## Directions
Where in the listing does the word "imports" appear? Report each line that holds it.
** Data supplied follows **
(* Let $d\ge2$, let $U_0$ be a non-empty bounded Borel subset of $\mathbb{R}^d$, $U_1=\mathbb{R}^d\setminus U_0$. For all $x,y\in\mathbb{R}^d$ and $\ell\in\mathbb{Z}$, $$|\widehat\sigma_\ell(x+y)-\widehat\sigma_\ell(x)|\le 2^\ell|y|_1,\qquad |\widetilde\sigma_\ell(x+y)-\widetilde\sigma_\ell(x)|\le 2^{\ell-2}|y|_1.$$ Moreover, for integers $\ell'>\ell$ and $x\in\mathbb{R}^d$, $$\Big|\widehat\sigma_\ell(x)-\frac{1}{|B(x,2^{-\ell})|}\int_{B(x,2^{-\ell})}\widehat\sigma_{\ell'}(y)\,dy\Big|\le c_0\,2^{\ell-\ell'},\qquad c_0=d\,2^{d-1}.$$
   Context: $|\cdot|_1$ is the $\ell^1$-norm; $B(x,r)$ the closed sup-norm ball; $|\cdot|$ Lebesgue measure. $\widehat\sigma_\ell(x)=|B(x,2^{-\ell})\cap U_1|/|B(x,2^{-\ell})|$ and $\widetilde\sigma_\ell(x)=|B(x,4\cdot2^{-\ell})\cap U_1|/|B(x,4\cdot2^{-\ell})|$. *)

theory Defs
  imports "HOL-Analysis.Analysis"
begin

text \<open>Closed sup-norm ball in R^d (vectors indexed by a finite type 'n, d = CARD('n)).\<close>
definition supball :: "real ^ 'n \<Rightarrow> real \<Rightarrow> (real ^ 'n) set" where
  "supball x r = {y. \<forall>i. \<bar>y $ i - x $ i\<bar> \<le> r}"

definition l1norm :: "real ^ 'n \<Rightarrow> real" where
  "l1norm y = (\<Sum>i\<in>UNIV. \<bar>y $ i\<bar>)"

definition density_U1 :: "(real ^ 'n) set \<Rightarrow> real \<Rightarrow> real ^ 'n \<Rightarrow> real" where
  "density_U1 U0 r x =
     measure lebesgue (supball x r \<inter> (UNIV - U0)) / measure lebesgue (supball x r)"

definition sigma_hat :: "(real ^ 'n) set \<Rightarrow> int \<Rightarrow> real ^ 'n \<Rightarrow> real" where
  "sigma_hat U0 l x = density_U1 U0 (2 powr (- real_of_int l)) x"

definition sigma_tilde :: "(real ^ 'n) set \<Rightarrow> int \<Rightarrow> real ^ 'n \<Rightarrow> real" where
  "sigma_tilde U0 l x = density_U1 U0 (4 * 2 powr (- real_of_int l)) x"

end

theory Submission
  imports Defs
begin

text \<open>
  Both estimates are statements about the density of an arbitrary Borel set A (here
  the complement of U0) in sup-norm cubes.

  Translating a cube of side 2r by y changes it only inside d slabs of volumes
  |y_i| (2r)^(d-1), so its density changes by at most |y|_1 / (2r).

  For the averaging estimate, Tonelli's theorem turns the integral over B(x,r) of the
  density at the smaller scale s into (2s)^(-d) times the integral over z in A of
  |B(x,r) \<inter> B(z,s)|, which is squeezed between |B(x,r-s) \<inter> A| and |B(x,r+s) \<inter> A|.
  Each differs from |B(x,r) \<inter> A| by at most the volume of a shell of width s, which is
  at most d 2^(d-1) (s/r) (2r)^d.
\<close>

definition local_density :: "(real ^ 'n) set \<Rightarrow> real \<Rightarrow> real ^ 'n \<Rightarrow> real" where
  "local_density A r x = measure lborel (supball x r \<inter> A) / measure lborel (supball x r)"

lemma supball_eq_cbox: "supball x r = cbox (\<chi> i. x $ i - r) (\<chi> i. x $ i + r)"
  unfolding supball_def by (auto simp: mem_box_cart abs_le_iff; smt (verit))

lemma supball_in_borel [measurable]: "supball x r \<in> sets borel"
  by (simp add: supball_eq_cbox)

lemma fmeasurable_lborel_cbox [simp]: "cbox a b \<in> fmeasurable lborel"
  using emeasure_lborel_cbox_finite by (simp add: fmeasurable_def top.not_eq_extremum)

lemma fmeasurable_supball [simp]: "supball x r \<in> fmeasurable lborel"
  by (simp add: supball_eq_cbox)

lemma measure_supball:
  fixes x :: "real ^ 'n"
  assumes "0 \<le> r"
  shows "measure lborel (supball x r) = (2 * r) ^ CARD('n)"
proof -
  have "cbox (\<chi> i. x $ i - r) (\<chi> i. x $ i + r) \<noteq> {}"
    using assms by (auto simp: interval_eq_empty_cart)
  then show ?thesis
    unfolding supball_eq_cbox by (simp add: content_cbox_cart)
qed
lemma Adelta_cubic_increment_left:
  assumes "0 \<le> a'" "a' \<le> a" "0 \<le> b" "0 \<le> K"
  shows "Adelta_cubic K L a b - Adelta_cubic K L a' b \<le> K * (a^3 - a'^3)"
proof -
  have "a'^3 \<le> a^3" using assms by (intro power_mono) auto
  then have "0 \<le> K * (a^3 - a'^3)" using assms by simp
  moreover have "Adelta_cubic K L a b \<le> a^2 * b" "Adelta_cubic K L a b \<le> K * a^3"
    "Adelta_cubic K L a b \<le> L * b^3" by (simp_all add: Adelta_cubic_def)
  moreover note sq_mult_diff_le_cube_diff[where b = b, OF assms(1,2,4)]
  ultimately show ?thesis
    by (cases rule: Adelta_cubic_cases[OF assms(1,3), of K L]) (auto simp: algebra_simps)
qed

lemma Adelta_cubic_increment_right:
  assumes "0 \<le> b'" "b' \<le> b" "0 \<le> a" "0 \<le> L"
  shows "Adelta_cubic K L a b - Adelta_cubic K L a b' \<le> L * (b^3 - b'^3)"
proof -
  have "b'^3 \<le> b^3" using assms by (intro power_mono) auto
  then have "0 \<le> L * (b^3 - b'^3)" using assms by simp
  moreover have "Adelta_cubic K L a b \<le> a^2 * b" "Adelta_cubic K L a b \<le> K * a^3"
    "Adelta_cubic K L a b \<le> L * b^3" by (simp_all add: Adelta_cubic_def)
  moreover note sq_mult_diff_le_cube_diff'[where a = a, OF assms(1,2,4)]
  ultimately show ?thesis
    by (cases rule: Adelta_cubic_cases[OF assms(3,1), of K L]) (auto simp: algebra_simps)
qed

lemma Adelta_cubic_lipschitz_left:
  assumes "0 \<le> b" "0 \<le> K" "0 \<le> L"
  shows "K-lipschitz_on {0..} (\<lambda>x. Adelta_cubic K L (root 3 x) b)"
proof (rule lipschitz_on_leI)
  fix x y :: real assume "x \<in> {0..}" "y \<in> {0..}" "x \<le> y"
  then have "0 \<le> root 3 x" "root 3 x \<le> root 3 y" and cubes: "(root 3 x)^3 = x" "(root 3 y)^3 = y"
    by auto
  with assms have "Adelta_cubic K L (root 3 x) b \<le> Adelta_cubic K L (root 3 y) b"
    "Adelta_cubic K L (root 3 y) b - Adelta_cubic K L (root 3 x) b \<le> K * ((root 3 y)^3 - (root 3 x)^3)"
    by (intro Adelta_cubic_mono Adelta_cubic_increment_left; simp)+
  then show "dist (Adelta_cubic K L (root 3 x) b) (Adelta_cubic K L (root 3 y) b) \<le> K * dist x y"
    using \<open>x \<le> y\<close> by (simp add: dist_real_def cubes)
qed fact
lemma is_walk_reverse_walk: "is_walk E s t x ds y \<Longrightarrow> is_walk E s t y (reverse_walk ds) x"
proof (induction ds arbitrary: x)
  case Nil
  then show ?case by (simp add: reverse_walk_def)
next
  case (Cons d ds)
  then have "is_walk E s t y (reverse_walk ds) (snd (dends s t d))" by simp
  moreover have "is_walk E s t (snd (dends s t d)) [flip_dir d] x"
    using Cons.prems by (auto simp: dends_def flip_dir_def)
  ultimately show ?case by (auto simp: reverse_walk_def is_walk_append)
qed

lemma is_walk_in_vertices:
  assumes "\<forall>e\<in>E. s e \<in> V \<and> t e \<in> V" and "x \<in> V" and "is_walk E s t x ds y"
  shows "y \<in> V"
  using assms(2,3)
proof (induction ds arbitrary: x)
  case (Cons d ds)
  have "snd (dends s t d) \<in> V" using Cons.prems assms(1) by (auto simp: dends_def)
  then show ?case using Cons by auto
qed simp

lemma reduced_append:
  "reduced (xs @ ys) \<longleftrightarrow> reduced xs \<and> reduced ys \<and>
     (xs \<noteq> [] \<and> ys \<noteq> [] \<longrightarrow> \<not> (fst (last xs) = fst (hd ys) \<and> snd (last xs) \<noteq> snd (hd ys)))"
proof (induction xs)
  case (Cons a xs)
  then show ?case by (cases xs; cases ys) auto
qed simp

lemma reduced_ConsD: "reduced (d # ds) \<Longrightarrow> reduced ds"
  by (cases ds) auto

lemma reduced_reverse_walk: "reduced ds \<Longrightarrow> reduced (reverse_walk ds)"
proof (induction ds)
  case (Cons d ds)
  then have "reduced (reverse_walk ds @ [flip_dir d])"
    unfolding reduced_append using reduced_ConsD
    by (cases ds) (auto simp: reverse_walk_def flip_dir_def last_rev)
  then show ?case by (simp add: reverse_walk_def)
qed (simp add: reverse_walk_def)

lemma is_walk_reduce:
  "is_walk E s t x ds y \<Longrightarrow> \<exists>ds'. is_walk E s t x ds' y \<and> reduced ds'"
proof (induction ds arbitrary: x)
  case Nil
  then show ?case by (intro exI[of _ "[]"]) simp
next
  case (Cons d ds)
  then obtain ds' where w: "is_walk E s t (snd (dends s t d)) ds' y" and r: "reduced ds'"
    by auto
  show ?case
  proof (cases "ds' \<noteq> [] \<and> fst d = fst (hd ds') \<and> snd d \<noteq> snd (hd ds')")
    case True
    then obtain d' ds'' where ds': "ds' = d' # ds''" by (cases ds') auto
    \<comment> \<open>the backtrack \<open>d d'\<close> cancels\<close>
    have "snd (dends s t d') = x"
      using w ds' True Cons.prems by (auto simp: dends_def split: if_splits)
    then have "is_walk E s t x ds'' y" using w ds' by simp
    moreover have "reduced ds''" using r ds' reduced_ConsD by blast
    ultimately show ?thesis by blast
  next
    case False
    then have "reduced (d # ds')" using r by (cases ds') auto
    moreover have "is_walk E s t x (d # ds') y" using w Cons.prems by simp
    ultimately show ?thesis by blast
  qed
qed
** End of Data supplied **
## Result for this task
  imports "HOL-Analysis.Analysis"
  imports Defs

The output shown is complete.